Question #a4db9

2 Answers
Sep 4, 2016

See below

Explanation:

This is the first thing that occurs to me so a better answer may come along but I would operate on the basis that #x = sin y = f(y)# and use the following idea:

#dy/dx = 1/(dx/dy) = 1/(x')#, something that we can prove later.

from the formal definition

#dx/dy = lim_(h to 0) (f(y+h) - f(y))/(h)#

# = lim_(h to 0) (sin(y+h) - sin(y))/(h)#

# = lim_(h to 0) (siny cos h + cos y sin h - sin y)/(h)#

# = lim_(h to 0) (siny (cos h -1) + cos y sin h )/(h)#

# = sin y lim_(h to 0) color(blue)((cos h -1)/h) + cos y lim_(h to 0) color(red)((sin h )/(h)) qquad triangle#

The red and blue terms are well known limits provable using squeeze theorem.

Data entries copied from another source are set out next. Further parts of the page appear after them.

(* Let $N\ge 1$ be an integer and let $a(1),a(2),\dots$ be a sequence of real numbers such that $a(n+m)\le a(n)+a(m)$ holds for all integers $n,m$ with $N\le n\le m\le 2n$. Then $\lim_{n\to\infty} a(n)/n$ exists (possibly $-\infty$) and $$\lim_{n\to\infty}\frac{a(n)}{n}=\inf_{k\ge N}\frac{a(k)}{k}.$$ *)

theory Defs
  imports "HOL-Analysis.Analysis"
begin

end

theory Submission
  imports Defs
begin

text \<open>Fix \<open>k \<ge> N\<close>. Splitting \<open>j\<close> into two halves shows \<open>a (j k) \<le> j a(k)\<close>. Any large \<open>n\<close> is
  \<open>j k + t\<close> with \<open>j k \<approx> n/2 \<le> t\<close>, so the hypothesis applies to this split and induction on \<open>n\<close>
  gives \<open>a n \<le> n a(k)/k + B\<close>. Hence \<open>limsup a(n)/n \<le> a(k)/k\<close> for every \<open>k \<ge> N\<close>, while
  trivially \<open>liminf a(n)/n \<ge> inf\<^sub>k\<^sub>\<ge>\<^sub>N a(k)/k\<close>.\<close>

definition restricted_subadditive :: "nat \<Rightarrow> (nat \<Rightarrow> real) \<Rightarrow> bool" where
  "restricted_subadditive N a \<longleftrightarrow>
     (\<forall>n m. N \<le> n \<longrightarrow> n \<le> m \<longrightarrow> m \<le> 2 * n \<longrightarrow> a (n + m) \<le> a n + a m)"

lemma restricted_subadditiveD:
  "restricted_subadditive N a \<Longrightarrow> N \<le> n \<Longrightarrow> n \<le> m \<Longrightarrow> m \<le> 2 * n \<Longrightarrow> a (n + m) \<le> a n + a m"
  unfolding restricted_subadditive_def by blast

lemma restricted_subadditive_mult_le:
  assumes sub: "restricted_subadditive N a" and "N \<le> k" and "1 \<le> j"
  shows "a (j * k) \<le> real j * a k"
  using \<open>1 \<le> j\<close>
proof (induction j rule: less_induct)
  case (less j)
  show ?case
  proof (cases "j = 1")
    case False
    define p where "p = j div 2"
    define q where "q = j - p"
    have pq: "1 \<le> p" "p < j" "q < j" "p \<le> q" "q \<le> 2 * p" "j = p + q"
      using False less.prems unfolding p_def q_def by auto
    have "N \<le> p * k"
      using pq(1) \<open>N \<le> k\<close> by (metis dual_order.trans mult_1 mult_le_mono1)
    then have "a (p * k + q * k) \<le> a (p * k) + a (q * k)"
      using pq by (intro restricted_subadditiveD[OF sub]) auto
    also have "\<dots> \<le> real p * a k + real q * a k"
      using less.IH[of p] less.IH[of q] pq by force
    finally show ?thesis
      using pq(6) by (simp add: algebra_simps)
  qed simp
qed

lemma restricted_subadditive_le_linear:
  assumes sub: "restricted_subadditive N a" and k: "N \<le> k" "1 \<le> k"
  obtains B where "\<And>n. 6 * k \<le> n \<Longrightarrow> a n \<le> real n * (a k / real k) + B"
proof
  define c where "c = a k / real k"
  define B where "B = Max ((\<lambda>t. a t - real t * c) ` {6 * k..12 * k})"
  fix n assume "6 * k \<le> n"
  then show "a n \<le> real n * c + B"
  proof (induction n rule: less_induct)
    case (less n)
    show ?case
    proof (cases "n \<le> 12 * k")
      case True
      have "a n - real n * c \<le> B"
        unfolding B_def by (rule Max_ge) (use True less.prems in auto)
      then show ?thesis by simp
    next
      case False
      define j where "j = (n div 2) div k"
      define t where "t = n - j * k"
      have "j * k \<le> n div 2" "n div 2 < j * k + k"
        unfolding j_def using k(2) div_mult_mod_eq[of "n div 2" k] mod_less_divisor[of k "n div 2"]
        by linarith+
      moreover from this have j: "1 \<le> j"
        using False by (cases j) auto
      ultimately have t: "j * k \<le> t" "t \<le> 2 * (j * k)" "t < n" "6 * k \<le> t"
        and n: "n = j * k + t"
        using False k unfolding t_def by auto
      have "N \<le> j * k"
        using j k by (metis dual_order.trans mult_1 mult_le_mono1)
      then have "a n \<le> a (j * k) + a t"
        using restricted_subadditiveD[OF sub _ t(1,2)] n by simp
      also have "\<dots> \<le> real j * a k + (real t * c + B)"
        using restricted_subadditive_mult_le[OF sub k(1) j] less.IH[OF t(3,4)] by simp
      also have "real j * a k = real (j * k) * c"
        unfolding c_def using k by simp
      finally show ?thesis
        using n by (simp add: algebra_simps)
    qed
  qed
qed

lemma Limsup_div_le_of_linear_bound:
  fixes a :: "nat \<Rightarrow> real"
  assumes "\<forall>\<^sub>F n in sequentially. a n \<le> real n * c + B"
  shows "Limsup sequentially (\<lambda>n. ereal (a n / real n)) \<le> ereal c"
proof -
  have "\<forall>\<^sub>F n in sequentially. ereal (a n / real n) \<le> ereal (c + B / real n)"
    using assms eventually_gt_at_top[of 0]
  proof eventually_elim
    case (elim n)
    then have "a n / real n \<le> (real n * c + B) / real n"
      by (simp add: divide_right_mono)
    also have "\<dots> = c + B / real n"
      using elim by (simp add: field_simps)
    finally show ?case by simp
  qed
  then have "Limsup sequentially (\<lambda>n. ereal (a n / real n))
      \<le> Limsup sequentially (\<lambda>n. ereal (c + B / real n))"
    by (rule Limsup_mono)
  also have "((\<lambda>n. c + B / real n) \<longlongrightarrow> c + 0) sequentially"
    by (intro tendsto_intros tendsto_divide_0[OF tendsto_const] filterlim_real_sequentially)
  then have "Limsup sequentially (\<lambda>n. ereal (c + B / real n)) = ereal c"
    by (intro lim_imp_Limsup) simp_all
  finally show ?thesis .
qed

lemma tendsto_INF_tail_if_Limsup_le:
  fixes f :: "nat \<Rightarrow> 'a :: {complete_linorder, linorder_topology}"
  assumes "\<And>k. N \<le> k \<Longrightarrow> Limsup sequentially f \<le> f k"
  shows "(f \<longlongrightarrow> (INF k\<in>{N..}. f k)) sequentially"
proof (rule Liminf_eq_Limsup)
  have "(INF k\<in>{N..}. f k) \<le> Liminf sequentially f"
    by (intro Liminf_bounded eventually_mono[OF eventually_ge_at_top[of N]]) (simp add: INF_lower)
  moreover have "Limsup sequentially f \<le> (INF k\<in>{N..}. f k)"
    using assms by (auto intro: INF_greatest)
  moreover have "Liminf sequentially f \<le> Limsup sequentially f"
    by (rule Liminf_le_Limsup) simp
  ultimately show "Liminf sequentially f = (INF k\<in>{N..}. f k)"
    and "Limsup sequentially f = (INF k\<in>{N..}. f k)"
    by (auto intro: order.antisym)
qed simp

theorem theorem2p1:
  fixes a :: "nat \<Rightarrow> real" and N :: nat
  assumes "N \<ge> 1"
    and "\<And>n m. N \<le> n \<Longrightarrow> n \<le> m \<Longrightarrow> m \<le> 2 * n \<Longrightarrow> a (n + m) \<le> a n + a m"
  shows "((\<lambda>n. ereal (a n / real n)) \<longlongrightarrow> (INF k\<in>{N..}. ereal (a k / real k))) sequentially"
proof (rule tendsto_INF_tail_if_Limsup_le)
  have sub: "restricted_subadditive N a"
    using assms(2) unfolding restricted_subadditive_def by blast
  fix k assume k: "N \<le> k"
  then have "1 \<le> k"
    using assms(1) by simp
  then obtain B where "\<And>n. 6 * k \<le> n \<Longrightarrow> a n \<le> real n * (a k / real k) + B"
    using restricted_subadditive_le_linear[OF sub k] by blast
  then have "\<forall>\<^sub>F n in sequentially. a n \<le> real n * (a k / real k) + B"
    by (rule eventually_mono[OF eventually_ge_at_top])
  then show "Limsup sequentially (\<lambda>n. ereal (a n / real n)) \<le> ereal (a k / real k)"
    by (rule Limsup_div_le_of_linear_bound)
qed

end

# lim_(h to 0) color(blue)((cos h -1)/h) = 0 # See here

# lim_(h to 0) color(red)((sin h )/(h)) = 1# See here

So #triangle# becomes:

#x' = dx/dy = cos y #

#implies y' = 1/ cos y = 1/ sqrt(1-x^2)#

Now to prove that #y' = 1/(x')# and vice versa

if we start with:

#y = f(x)#

#x = f^(-1) (y) = g(y)#

#implies y = f(g(y)) qquad triangle#

#d/dy(y) = 1 qquad square#

But by the chain rule applied to #triangle#

#dy/dy = d/dy( f(g(y))) = f'(x)g'(y) = y' x'#

So by #square#

#y' = 1/(x')# and #x' = 1/(y')#

That completes this approach, I think.

Feb 7, 2017

Refer to the Explanation Section below.

Explanation:

Let #y=f(x)=sin^-1x#

Now, #f'(x)=lim_(t to x) {f(t)-f(x)}/(t-x)#

#lim_(t to x) (sin^-1t-sin^-1x)/(t-x)#

To evaluate this Limit, let, #sin^-1t=phi, &, sin^-1x=theta,#

where, #|t|,|x|<1; phi, theta in (-pi/2,pi/2).#

#:. sin phi=t, and, sin theta=x." Also, as "t to x, phi to theta.#

Hence, in this new scenario,

#f'(x)=lim_(phi to theta) (phi-theta)/(sin phi-sin theta)#

#=lim_(phi to theta) (phi-theta)/{2cos((phi+theta)/2)sin((phi-theta)/2)}#

#=lim_(phi to theta){(phi-theta)/2}/(sin(phi-theta)/2)*1/(cos((phi+theta)/2)#

Here, we see that, the #1^(st)" limit is 1, because of "lim_(x to 0) sinx/x=1# and, the #2^(nd)" is "1/cos((theta+theta)/2)=1/costheta.#

Therefore, #f'(x)=1/costheta#

Now, #sin theta=x rArr cos theta=+-sqrt(1-x^2)#

But, #theta in [-pi/2,pi/2], cos theta > 0, i.e., cos theta=+sqrt(1-x^2)#.

Therefore, #dy/dx=f'(x)=1/sqrt(1-x^2)#.

Enjoy Maths!